The last experiment focused on analyzing the behavior of the prediction models on the upsized data set using the feature vector with the five most relevant attributes according to the multiple intersection method. Table 12 shows that the best performing models were LR and SVM, which is quite surprising because these results differed from those obtained on the data set containing all attributes. On the other hand, when comparing the results of the upper part of Table 10 with those of Table 12, one can see that the performance of all the prediction models worsened when applied to the reduced sets.
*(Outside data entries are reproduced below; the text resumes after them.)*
(* Let $u\in\{A,B,C\}^{\mathbb N}$ be a 3iet word with parameters $\varepsilon,\ell$, and let $\varepsilon=[0,a_1,a_2,\dots]$ be the continued fraction expansion of $\varepsilon$. Then $$ {\rm ind}(u)<+\infty \qquad\iff\qquad \sup_{n\in\mathbb N} a_n < +\infty\,. $$
   Context: Parameters $\varepsilon,\ell$ satisfy $\varepsilon\in(0,1)\setminus\mathbb Q$ and $\max\{\varepsilon,1-\varepsilon\}<\ell<1$. The three interval exchange $T_{\varepsilon,\ell}:[0,\ell)\to[0,\ell)$ is defined by $T_{\varepsilon,\ell}(x)=x+1-\varepsilon$ for $x\in I_A:=[0,\ell-1+\varepsilon)$, $T_{\varepsilon,\ell}(x)=x+1-2\varepsilon$ for $x\in I_B:=[\ell-1+\varepsilon,\varepsilon)$, and $T_{\varepsilon,\ell}(x)=x-\varepsilon$ for $x\in I_C:=[\varepsilon,\ell)$. A 3iet word with parameters $\varepsilon,\ell$ is the word $u=(u_n)_{n\in\mathbb N}$ over $\{A,B,C\}$ with $u_n=X$ iff $T_{\varepsilon,\ell}^n(x_0)\in I_X$, for some $x_0\in[0,\ell)$; its language and index do not depend on $x_0$. A word $v$ is a power $w^r$ ($r=|v|/|w|$) if $|v|\ge|w|$ and $v$ is a prefix of $www\cdots$; ${\rm ind}(w)=\sup\{r\in\mathbb Q: w^r \text{ is a factor of } u\}$ and ${\rm ind}(u)=\sup\{{\rm ind}(w): w \text{ a factor of } u\}$. *)

theory Defs
  imports Complex_Main "HOL-Library.Extended_Real"
begin

datatype letter = A | B | C

definition T3 :: "real \<Rightarrow> real \<Rightarrow> real \<Rightarrow> real" where
  "T3 eps l x =
     (if x < l - 1 + eps then x + 1 - eps
      else if x < eps then x + 1 - 2 * eps
      else x - eps)"

definition coding :: "real \<Rightarrow> real \<Rightarrow> real \<Rightarrow> letter" where
  "coding eps l x =
     (if 0 \<le> x \<and> x < l - 1 + eps then A
      else if l - 1 + eps \<le> x \<and> x < eps then B
      else C)"

definition iet3_word :: "real \<Rightarrow> real \<Rightarrow> real \<Rightarrow> nat \<Rightarrow> letter" where
  "iet3_word eps l x0 n = coding eps l ((T3 eps l ^^ n) x0)"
To check whether or not the differences were statistically significant, we again ran a two-tailed t-test for a significance level of 0.05: t-value \(= -\)6.898545, p-value \(=\) 0.00098.
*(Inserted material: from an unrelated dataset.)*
(* Consider the control system $$\dot x=f(x)+g(x,\theta)\,y+\Phi(x)\,\theta+G(x)\,d,\qquad \dot y=h(x,y)+\tilde g(x,y,\theta)\,u+\varphi'(x,y)\,\theta+\alpha'(x,y)\,d,$$ with state $(x,y)\in\mathbb{R}^n\times\mathbb{R}$, control $u\in\mathbb{R}$, disturbances $d\in\mathbb{R}^l$, $\theta\in\Theta\subseteq\mathbb{R}^p$, where $f:\mathbb{R}^n\to\mathbb{R}^n$, $g:\mathbb{R}^n\times\Theta\to\mathbb{R}^n$, $\Phi:\mathbb{R}^n\to\mathbb{R}^{n\times p}$, $G:\mathbb{R}^n\to\mathbb{R}^{n\times l}$, $h:\mathbb{R}^n\times\mathbb{R}\to\mathbb{R}$, $\varphi:\mathbb{R}^n\times\mathbb{R}\to\mathbb{R}^p$, $\alpha:\mathbb{R}^n\times\mathbb{R}\to\mathbb{R}^l$, $\tilde g:\mathbb{R}^n\times\mathbb{R}\times\Theta\to\mathbb{R}$ are smooth with $f(0)=0$, $\Phi(0)=0$, $h(0,0)=0$, $\varphi(0,0)=0$. Assume there exist constants $a,b,c,\Gamma,\varepsilon>0$, smooth $\kappa,\lambda\in K_\infty$, smooth functions $\sigma,k,V:\mathbb{R}^n\times\mathbb{R}\to\mathbb{R}$, a smooth $\eta:\mathbb{R}^n\times\mathbb{R}\to(0,+\infty)$ and a smooth $\mu:\mathbb{R}^n\to\mathbb{R}$, with $V(0,z)=k(0,z)=0$ for all $z\in\mathbb{R}$ and $V(x,z)>0$ for $x\ne0$, such that for all $\theta\in\Theta$, $d\in\mathbb{R}^l$, $(x,y,z)\in\mathbb{R}^n\times\mathbb{R}\times\mathbb{R}$: (a) $|x|^2\le\sigma(x,z)V(x,z)$; (b) $\frac{\partial V}{\partial x}(x,z)\big(f(x)+g(x,\theta)k(x,z)+\Phi(x)\theta+G(x)d\big)+\frac{\partial V}{\partial z}(x,z)\Gamma e^{-z}(V(x,z)-\varepsilon)^+\le -cV(x,z)+a\,\dfrac{|d|^2+\big((|\theta|-b-\lambda(e^z))^+\big)^2}{1+\kappa(e^z)}$; (c) $\tilde g(x,y,\theta)\ge\eta(x,y)$; (d) $|g(x,\theta)|\le\mu(x)(1+|\theta|)$. Define $\bar V(x,y,z)=V(x,z)+\frac12\big(y-k(x,z)\big)^2$. Then there exist $\bar\sigma,\bar k\in C^\infty(\mathbb{R}^n\times\mathbb{R}\times\mathbb{R})$ with $\bar k(0,0,z)=0$ for all $z$, such that for all $d\in\mathbb{R}^l$, $\theta\in\Theta$, $(x,y,z)\in\mathbb{R}^n\times\mathbb{R}\times\mathbb{R}$: $$|x|^2+|y|^2\le\bar\sigma(x,y,z)\bar V(x,y,z),$$ and $$\frac{\partial\bar V}{\partial x}\big(f(x)+g(x,\theta)y+\Phi(x)\theta+G(x)d\big)+\frac{\partial\bar V}{\partial z}\Gamma e^{-z}\big(\bar V(x,y,z)-\varepsilon\big)^+ +\frac{\partial\bar V}{\partial y}\big(h(x,y)+\tilde g(x,y,\theta)\bar k(x,y,z)+\varphi'(x,y)\theta+\alpha'(x,y)d\big)$$ $$\le -\frac c2\bar V(x,y,z)+2a\,\frac{|d|^2+\big((|\theta|-b-\lambda(e^z))^+\big)^2}{1+\kappa(e^z)},$$ where all partial derivatives of $\bar V$ are evaluated at $(x,y,z)$.
   Context: $|\cdot|$ is the Euclidean norm, $v'$ denotes transpose and $s^+=\max(s,0)$. $K_\infty$ is the class of continuous increasing functions $[0,\infty)\to[0,\infty)$ vanishing at $0$ and tending to $+\infty$. *)

theory Defs
  imports "HOL-Analysis.Analysis"
begin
Table 12 Prediction performance of the machine learning models on the oversampled data set using the top five attributes (the best values are in bold).

Conclusions

Glioma grading and prediction constitute a highly relevant practical health problem that is usually addressed using neuroimaging techniques. However, the development of advanced genomics and proteomics methods allows the identification of mutations in certain molecular biomarkers that can support diagnosis, prognosis and prediction of response to therapy. In this study, several data-centric machine learning models have been used to discriminate between LGG and GBM samples using a series of clinical factors and molecular biomarkers. Furthermore, a comprehensive descriptive analysis of the data set used in the experiments has also been carried out. The descriptive analysis has included several statistics of the attributes and the application of four feature ranking algorithms to determine the most relevant characteristics, and it has been possible to observe that the molecular biomarkers selected by these algorithms as the most informative agree with the conclusions of previous molecular biology studies. However, these algorithms have important advantages because they are much less expensive and faster than genomics and proteomics methods.
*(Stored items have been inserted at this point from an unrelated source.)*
lemma mackey_set_of_weakstar_null_sequence:
  fixes z :: "nat \<Rightarrow> ('a::banach \<Rightarrow>\<^sub>L real)"
  assumes Y: "subspace Y" "closed Y" and zY: "\<And>n. z n \<in> Y"
    and null: "\<And>x. (\<lambda>n. blinfun_apply (z n) x) \<longlonglongrightarrow> 0"
  shows "(\<lambda>a. \<Sum>n. a n *\<^sub>R z n) ` l1_unit_ball \<in> mackey_sets Y"
proof -
  define T where "T a = (\<Sum>n. a n *\<^sub>R z n)" for a :: "nat \<Rightarrow> real"
  have "bounded (range z)"
    using convergent_imp_Bseq[OF convergentI[OF null]] unfolding Bseq_def
    by (intro bounded_if_pointwise_bounded) (metis real_norm_def rangeE)
  then obtain M where M: "\<And>n. norm (z n) \<le> M"
    unfolding bounded_iff by blast
  note summable = summable_l1_series[where z = z, OF _ M]
  have T_apply: "blinfun_apply (T a) x = (\<Sum>n. a n * blinfun_apply (z n) x)" if "a \<in> l1_unit_ball" for a x
    using bounded_linear.suminf[OF blinfun.bounded_linear_left summable[OF that]]
    by (simp add: T_def blinfun.scaleR_left)
  have T_Y: "T a \<in> Y" if "a \<in> l1_unit_ball" for a
  proof -
    have "\<forall>n. (\<Sum>i<n. a i *\<^sub>R z i) \<in> Y"
      using Y(1) zY by (intro allI subspace_sum subspace_scale)
    then show ?thesis
      unfolding T_def using closed_sequentially[OF Y(2) _ summable_LIMSEQ[OF summable[OF that]]] by blast
  qed
  have T_combination: "T (\<lambda>n. u * a n + v * b n) = u *\<^sub>R T a + v *\<^sub>R T b"
    if "a \<in> l1_unit_ball" "b \<in> l1_unit_ball" for a b u v
    using suminf_add[OF summable_scaleR_right summable_scaleR_right, OF summable summable, OF that]
      suminf_scaleR_right[OF summable[OF that(1)], of u] suminf_scaleR_right[OF summable[OF that(2)], of v]
    by (simp add: T_def scaleR_add_left)
  have "continuous_map (subtopology (powertop_real UNIV) l1_unit_ball) weakstar T"
    unfolding continuous_map_weakstar_iff
    using continuous_map_eq[OF continuous_map_l1_unit_ball_series[OF null]] T_apply by auto
  then have "compactin weakstar (T ` l1_unit_ball)"
    using compactin_l1_unit_ball by (intro image_compactin) (auto simp: compactin_subtopology)
  moreover have "convex (T ` l1_unit_ball)"
  proof (rule convexI)
    fix p q and u v :: real
    assume "p \<in> T ` l1_unit_ball" "q \<in> T ` l1_unit_ball" and uv: "0 \<le> u" "0 \<le> v" "u + v = 1"
    then obtain a b where ab: "a \<in> l1_unit_ball" "b \<in> l1_unit_ball" "p = T a" "q = T b"
      by blast
    then have "u *\<^sub>R p + v *\<^sub>R q = T (\<lambda>n. u * a n + v * b n)"
      using T_combination[OF ab(1,2)] by simp
    then show "u *\<^sub>R p + v *\<^sub>R q \<in> T ` l1_unit_ball"
      using l1_unit_ball_convex_combination[OF ab(1,2) uv] by blast
  qed
  moreover have "t *\<^sub>R p \<in> T ` l1_unit_ball" if t: "\<bar>t\<bar> \<le> 1" and p: "p \<in> T ` l1_unit_ball" for t p
  proof -
    obtain a where a: "a \<in> l1_unit_ball" "p = T a"
      using p by blast
    then have "t *\<^sub>R p = T (\<lambda>n. t * a n)"
      using T_combination[OF a(1) a(1), of t 0] by simp
    then show ?thesis
      using l1_unit_ball_scale[OF a(1) t] by blast
  qed
  ultimately show ?thesis
    using T_Y unfolding T_def[abs_def] mackey_sets_def by (auto simp: compactin_subtopology)
qed

lemma weakstar_seq_continuous_if_continuous_on_mackey_sets:
  fixes Y :: "('a::banach \<Rightarrow>\<^sub>L real) set"
  assumes Y: "subspace Y" "closed Y"
    and lin: "linear_functional_on Y f" and cont: "continuous_on_mackey_sets Y f"
  shows "weakstar_seq_continuous_on Y f"
  unfolding weakstar_seq_continuous_on_def
proof (intro allI impI)
  fix s y assume "(\<forall>n. s n \<in> Y) \<and> y \<in> Y \<and> limitin (subtopology weakstar Y) s y sequentially"
  then have sY: "\<And>n. s n \<in> Y" and y: "y \<in> Y" and lim: "limitin weakstar s y sequentially"
    by (auto simp: limitin_subtopology)
  define z where "z n = s n - y" for n
  have zY: "z n \<in> Y" for n
    using Y(1) sY y by (simp add: z_def subspace_diff)
  have null: "(\<lambda>n. blinfun_apply (z n) x) \<longlonglongrightarrow> 0" for x
    using tendsto_diff[OF lim[unfolded limitin_weakstar_iff, rule_format, of x] tendsto_const,
        of "blinfun_apply y x"]
    by (simp add: z_def blinfun.diff_left)
  define K where "K = (\<lambda>a. \<Sum>n. a n *\<^sub>R z n) ` l1_unit_ball"
  have K: "K \<in> mackey_sets Y"
    unfolding K_def by (rule mackey_set_of_weakstar_null_sequence[OF Y zY null])
  have zK: "z n \<in> K" for n
  proof -
    have "(\<Sum>m. (if m = n then 1 else 0) *\<^sub>R z m) = z n"
      using sums_single[of n z] by (simp add: sums_iff if_distrib[of "\<lambda>c. c *\<^sub>R _"] cong: if_cong)
    then show ?thesis
      unfolding K_def by (rule image_eqI[OF sym l1_unit_ball_indicator])
  qed
  moreover have "0 \<in> K"
    using mackey_setsD(3)[OF K _ zK, of 0] by simp
  moreover have "limitin weakstar z 0 sequentially"
    using null by (simp add: limitin_weakstar_iff)
  ultimately have "limitin (subtopology weakstar K) z 0 sequentially"
    by (simp add: limitin_subtopology)
  with cont K have "limitin euclideanreal (f \<circ> z) (f 0) sequentially"
    unfolding continuous_on_mackey_sets_def by (blast intro: continuous_map_limit)
  then have "(\<lambda>n. f (z n)) \<longlonglongrightarrow> f 0"
    by (simp add: o_def)
  then have "(\<lambda>n. f (z n) + f y) \<longlonglongrightarrow> 0 + f y"
    using linear_functional_on_zero[OF lin y] by (intro tendsto_add) auto
  moreover have "f (z n) + f y = f (s n)" for n
    using linear_functional_on_diff[OF lin sY y, of n] by (simp add: z_def)
  ultimately show "(\<lambda>n. f (s n)) \<longlonglongrightarrow> f y"
    by simp
qed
Of the different machine learning methods analyzed, the two classifier ensembles (RF and CatBoost) have obtained the best scores regardless of the metric used. The global feature importance approach revealed the absolute relevance of each attribute, while the SHAP analysis of individual samples provided a reasonable interpretation of which attributes contributed most to the prediction of class GBM. On the other hand, when analyzing the confusion matrices, important differences have been observed between the misclassifications on the majority class and the minority class, which suggested the need to apply some techniques to address the class imbalance. In particular, the normalized data set has been preprocessed with an oversampling algorithm (SMOTE) and an undersampling algorithm (RUS) and it has been found that upsizing the minority class improves the prediction performance. As a final comment, it is worth noting that a model-centric approach applied to the TCGA data set achieved 0.876 accuracy31, while the data-centric method proposed in this study yielded accuracy rates of 0.882 (with oversampling) and 0.881 (with both oversampling and undersampling).

While this study provides valuable insights into prediction of glioma grades, an interesting avenue for future research refers to the analysis of the possible bias that may arise in predictions against certain sensitive social groups (e.g., gender, age, race, etc.). With this objective, the aim is to quantify the existence of bias through fairness metrics and, if necessary, apply bias mitigation methods61,62. When the bias is inherited from the way the training set was created, one approach that would reduce the bias is to internally rebalance the class distributions so that they are equal across class and sensitive attributes.